Tecnologie emergenti e discontinuità del mercato del lavoro
La logica algoritmica e la tecnologia cognitiva associata ai big data sintetizzano e riducono processi intellettuali. La lotta tra conservazione e innovazione
Autore: Piero Macrì
Leggo da un articolo pubblicato sul sito del World Economic Forum che solo il 5% dei lavori oggi esistenti può essere completamente automatizzato. Di contro un 30% del tempo in cui si esplica un processo di lavoro può essere delegato a una macchina. Le conseguenze che derivano dalla sottrazione di una quota del lavoro da parte della tecnologia si potrebbe quindi tradurre in una perdita del 30% dei posti di lavoro. Il futuro si prefigura automatizzato e aumentato. Alcuni ruoli si riveleranno ridondanti, un modo elegante per dire che alcuni di coloro che oggi svolgono determinati lavori diventeranno un domani in-utili.
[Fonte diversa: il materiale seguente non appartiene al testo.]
lemma unit_cell_ex1: "\<exists>!k. x \<in> {fst (unit_cell k)..<snd (unit_cell k)}"
proof (rule ex1I[of _ "int_encode \<lfloor>x\<rfloor>"])
  fix k assume "x \<in> {fst (unit_cell k)..<snd (unit_cell k)}"
  then have "\<lfloor>x\<rfloor> = int_decode k"
    unfolding unit_cell_def by (intro floor_unique) auto
  then show "k = int_encode \<lfloor>x\<rfloor>" by simp
qed (simp add: unit_cell_def)

definition dyadic_cell :: "real \<Rightarrow> real \<Rightarrow> nat \<Rightarrow> real \<times> real" where
  "dyadic_cell a b k = (dyadic_up a b k, dyadic_up a b (Suc k))"

lemma dyadic_cell_ex1:
  assumes "a < b" "a \<le> x" "x < b"
  shows "\<exists>!k. x \<in> {fst (dyadic_cell a b k)..<snd (dyadic_cell a b k)}"
proof (rule ex1I[of _ "dyadic_up_index a b x"])
  fix k assume "x \<in> {fst (dyadic_cell a b k)..<snd (dyadic_cell a b k)}"
  then show "k = dyadic_up_index a b x"
    using dyadic_up_index_iff[OF assms] unfolding dyadic_cell_def by (simp add: le_antisym)
qed (use dyadic_up_index_iff[OF assms] in \<open>simp add: dyadic_cell_def\<close>)

lemma dyadic_cell_bounds:
  assumes "a < b"
  shows "a \<le> fst (dyadic_cell a b k) \<and> fst (dyadic_cell a b k) < snd (dyadic_cell a b k)
    \<and> snd (dyadic_cell a b k) < b"
  unfolding dyadic_cell_def
  using dyadic_up_ge_left[OF assms] dyadic_up_less_right[OF assms] dyadic_up_less_iff[OF assms] by simp

lemma dyadic_cell_halves:
  assumes "a < b"
  shows "snd (dyadic_cell a b k) - fst (dyadic_cell a b k) \<le> (b - a) / 2"
proof -
  have "(b - a) / 2 ^ Suc k \<le> (b - a) / 2"
    using assms by (intro divide_left_mono) auto
  then show ?thesis
    using dyadic_up_Suc_diff[of a b k] unfolding dyadic_cell_def by simp
qed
Se guardiamo a un qualsiasi ambiente di produzione, ci accorgiamo che processi complessi una volta considerati difficili da automatizzare sono oggi completamente asserviti dalla tecnologia. Ma non è solo la galassia della fabbrica ad essere investita dall’automazione. La logica algoritmica e la tecnologia cognitiva associata ai big data, sintetizzano e riducono processi intellettuali, Stabilire una diagnosi, identificare la corretta terapia o trattamento, sono solo alcuni degli esempi di come l’emergente tecnologia può introdurre nuova efficienza ed efficacia negli ambiti di lavoro più diversi innescando un aumento di produttività.
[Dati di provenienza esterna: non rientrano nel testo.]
lemma hdot_weier_vec: "hdot (weier_vec A B) (weier_vec A B) = of_real ((cmod A ^ 2 + 1) * (cmod B ^ 2 + 1) / 2)"
proof -
  have "hdot (weier_vec A B) (weier_vec A B) * 2 = (A * cnj A + 1) * (B * cnj B + 1)"
    by (simp add: hdot_def weier_vec_def sum_4 field_simps complex_i_mult_minus)
  then show ?thesis
    by (simp add: complex_norm_square[symmetric] field_simps)
qed

lemma hgram_weier_vec:
  "hgram (weier_vec A B) (weier_vec_deriv A B a b)
     = of_real ((cmod a ^ 2 * (cmod B ^ 2 + 1)\<^sup>2 + cmod b ^ 2 * (cmod A ^ 2 + 1)\<^sup>2) / 4)"
proof -
  define V V' where "V = weier_vec A B" and "V' = weier_vec_deriv A B a b"
  have "hdot V V * 2 = (A * cnj A + 1) * (B * cnj B + 1)"
    and "hdot V V' * 2 = cnj a * A * (cnj B * B + 1) + cnj b * B * (cnj A * A + 1)"
    and "hdot V' V * 2 = a * cnj A * (B * cnj B + 1) + b * cnj B * (A * cnj A + 1)"
    and "hdot V' V' * 2 = a * cnj a * (B * cnj B + 1) + b * cnj b * (A * cnj A + 1)
                          + a * cnj b * cnj A * B + cnj a * b * A * cnj B"
    by (simp_all add: V_def V'_def hdot_def weier_vec_def weier_vec_deriv_def sum_4 field_simps
        complex_i_mult_minus)
  then have "hgram V V' * 4 = a * cnj a * (B * cnj B + 1)\<^sup>2 + b * cnj b * (A * cnj A + 1)\<^sup>2"
    unfolding hgram_def by (simp add: field_simps power2_eq_square) algebra
  then show ?thesis
    by (simp add: V_def V'_def complex_norm_square[symmetric] field_simps)
qed

lemma det_weier_vec:
  "det (vector [weier_vec A B, cnj_vec (weier_vec A B), weier_vec_deriv A B a b,
                cnj_vec (weier_vec_deriv A B a b)] :: complex^4^4)
     = - of_real ((cmod a ^ 2 * (cmod B ^ 2 + 1)\<^sup>2 - cmod b ^ 2 * (cmod A ^ 2 + 1)\<^sup>2) / 4)"
proof -
  have "det (vector [weier_vec A B, cnj_vec (weier_vec A B), weier_vec_deriv A B a b,
                cnj_vec (weier_vec_deriv A B a b)] :: complex^4^4) * 4
     = - (a * cnj a * (B * cnj B + 1)\<^sup>2 - b * cnj b * (A * cnj A + 1)\<^sup>2)"
    by (simp add: det_4 cnj_vec_def weier_vec_def weier_vec_deriv_def field_simps complex_i_mult_minus
        power2_eq_square)
  then show ?thesis
    by (simp add: complex_norm_square[symmetric] field_simps)
qed

text \<open>Here \<open>\<sigma>\<close> and \<open>\<sigma>'\<close> stand for \<open>\<surd>(g\<^sub>1'g\<^sub>2')\<close> and its derivative at a point, and \<open>\<Phi>'\<close> is
  the derivative of \<open>\<Phi>\<close> computed by the quotient rule.\<close>

lemma weierstrass_curve_invariants:
  fixes A B a b \<sigma> \<sigma>' :: complex
  assumes \<sigma>: "\<sigma>\<^sup>2 = a * b" "a * b \<noteq> 0"
    and \<Phi>: "\<Phi> = (1 / \<sigma>) *s weier_vec A B"
    and \<Phi>': "\<Phi>' = (1 / \<sigma>) *s weier_vec_deriv A B a b - (\<sigma>' / \<sigma>) *s \<Phi>"
  shows "norm \<Phi> ^ 2 / 2 = (cmod A ^ 2 + 1) * (cmod B ^ 2 + 1) / (4 * cmod (a * b))"
    and "- 4 * Re (hgram \<Phi> \<Phi>') / norm \<Phi> ^ 6
           = (- 8 * cmod (a * b)) / ((cmod A ^ 2 + 1) * (cmod B ^ 2 + 1))
             * (cmod a ^ 2 / (cmod A ^ 2 + 1)\<^sup>2 + cmod b ^ 2 / (cmod B ^ 2 + 1)\<^sup>2)"
    and "- 4 * Re (det (vector [\<Phi>, cnj_vec \<Phi>, \<Phi>', cnj_vec \<Phi>'] :: complex^4^4)) / norm \<Phi> ^ 6
           = 8 * cmod (a * b) / ((cmod A ^ 2 + 1) * (cmod B ^ 2 + 1))
             * (cmod a ^ 2 / (cmod A ^ 2 + 1)\<^sup>2 - cmod b ^ 2 / (cmod B ^ 2 + 1)\<^sup>2)"
proof -
  define S PA PB where "S = cmod (a * b)" and "PA = cmod A ^ 2 + 1" and "PB = cmod B ^ 2 + 1"
  have pos: "S > 0" "PA > 0" "PB > 0"
    using \<sigma>(2) by (simp_all add: S_def PA_def PB_def add_nonneg_pos)
  have "cmod \<sigma> ^ 2 = S"
    using \<sigma>(1) by (metis S_def norm_power)
  then have \<sigma>_cnj: "\<sigma> * cnj \<sigma> = of_real S" "cnj \<sigma> * \<sigma> = of_real S"
    by (metis complex_norm_square, metis complex_norm_square mult.commute)
  then have scale: "(1 / \<sigma>) * cnj (1 / \<sigma>) = of_real (1 / S)"
    by simp
  have "of_real (norm \<Phi> ^ 2) = (complex_of_real (PA * PB / (2 * S)))"
    unfolding hdot_self[symmetric] \<Phi> hdot_smult_left hdot_smult_right mult.assoc[symmetric]
      scale hdot_weier_vec
    by (simp add: PA_def PB_def \<sigma>_cnj)
  then have norm: "norm \<Phi> ^ 2 = PA * PB / (2 * S)"
    using of_real_eq_iff by blast
  have hgram: "Re (hgram \<Phi> \<Phi>') = (cmod a ^ 2 * PB\<^sup>2 + cmod b ^ 2 * PA\<^sup>2) / (4 * S\<^sup>2)"
    unfolding \<Phi>' hgram_shift unfolding \<Phi> hgram_scale scale hgram_weier_vec
      of_real_power[symmetric] of_real_mult[symmetric] Re_complex_of_real
    using pos(1) by (simp add: PA_def PB_def field_simps)
  have det: "Re (det (vector [\<Phi>, cnj_vec \<Phi>, \<Phi>', cnj_vec \<Phi>'] :: complex^4^4))
      = - (cmod a ^ 2 * PB\<^sup>2 - cmod b ^ 2 * PA\<^sup>2) / (4 * S\<^sup>2)"
    unfolding \<Phi>' det_cnj_frame_shift unfolding \<Phi> det_cnj_frame_scale scale det_weier_vec
      of_real_minus[symmetric] of_real_power[symmetric] of_real_mult[symmetric] Re_complex_of_real
    using pos(1) by (simp add: PA_def PB_def field_simps)
  have norm6: "norm \<Phi> ^ 6 = (PA * PB / (2 * S)) ^ 3"
    unfolding norm[symmetric] by (simp flip: power_mult)
  show "norm \<Phi> ^ 2 / 2 = PA * PB / (4 * S)"
    by (simp add: norm)
  show "- 4 * Re (hgram \<Phi> \<Phi>') / norm \<Phi> ^ 6
           = (- 8 * S) / (PA * PB) * (cmod a ^ 2 / PA\<^sup>2 + cmod b ^ 2 / PB\<^sup>2)"
    and "- 4 * Re (det (vector [\<Phi>, cnj_vec \<Phi>, \<Phi>', cnj_vec \<Phi>'] :: complex^4^4)) / norm \<Phi> ^ 6
           = 8 * S / (PA * PB) * (cmod a ^ 2 / PA\<^sup>2 - cmod b ^ 2 / PB\<^sup>2)"
    unfolding hgram det norm6 using pos by (simp_all add: field_simps power2_eq_square power3_eq_cube)
qed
I cambiamenti più profondi, come quelli che stiamo vivendo nella nostra epoca, creano discontinuità e tendono a introdurre disordine in un sistema di relazioni consolidato nel tempo. Come sempre, per creare occorre distruggere. E’ una questione di equilibrio energetico. A meno che non prevalga la forma più inquietante della distruzione nella sua essenza più pura, generata dal rifiuto dell’esistente.
Se accettiamo l’idea della quarta rivoluzione industriale, la cui anima è digitale, ci troviamo in una situazione già sperimentata nelle precedenti dove si affermano due opposti schieramenti: da un lato i fautori della tecnologia come panacea del cambiamento, dall’altro i fautori della conservazione, coloro che vorrebbero riscrivere il presente con le regole del passato. Nè l’uno né l’altro sono la soluzione, che può nascere invece da una razionalizzazione del disordine per proiettare il tutto verso una nuova utopia di un mercato del lavoro sostenibile. Serve immaginazione razionale.
Si possono ravvisare una gran quantità di contraddizioni nelle dinamiche che mettono in moto i cambiamenti più radicali. Si pensi per esempio, uno tra i tanti, alle auto elettriche. Per lo più tutti auspicano e si dicono favorevoli a un passaggio massiccio a veicoli alimentati da batterie. Se tutto questo avvenisse dall’oggi al domani vorrebbe dire che l’attuale forza di occupazione, garantita da quella che possiamo ancora definire grande industria, si ridurrebbe di una percentuale significativa per il solo fatto che la produzione verrebbe drasticamente semplificata in termini di componenti causando una forte decrescita e riduzione di tutto l’indotto. Ancora una volta disordine e creazione di un nuovo mercato significa distruzione, parziale, dell’esistente.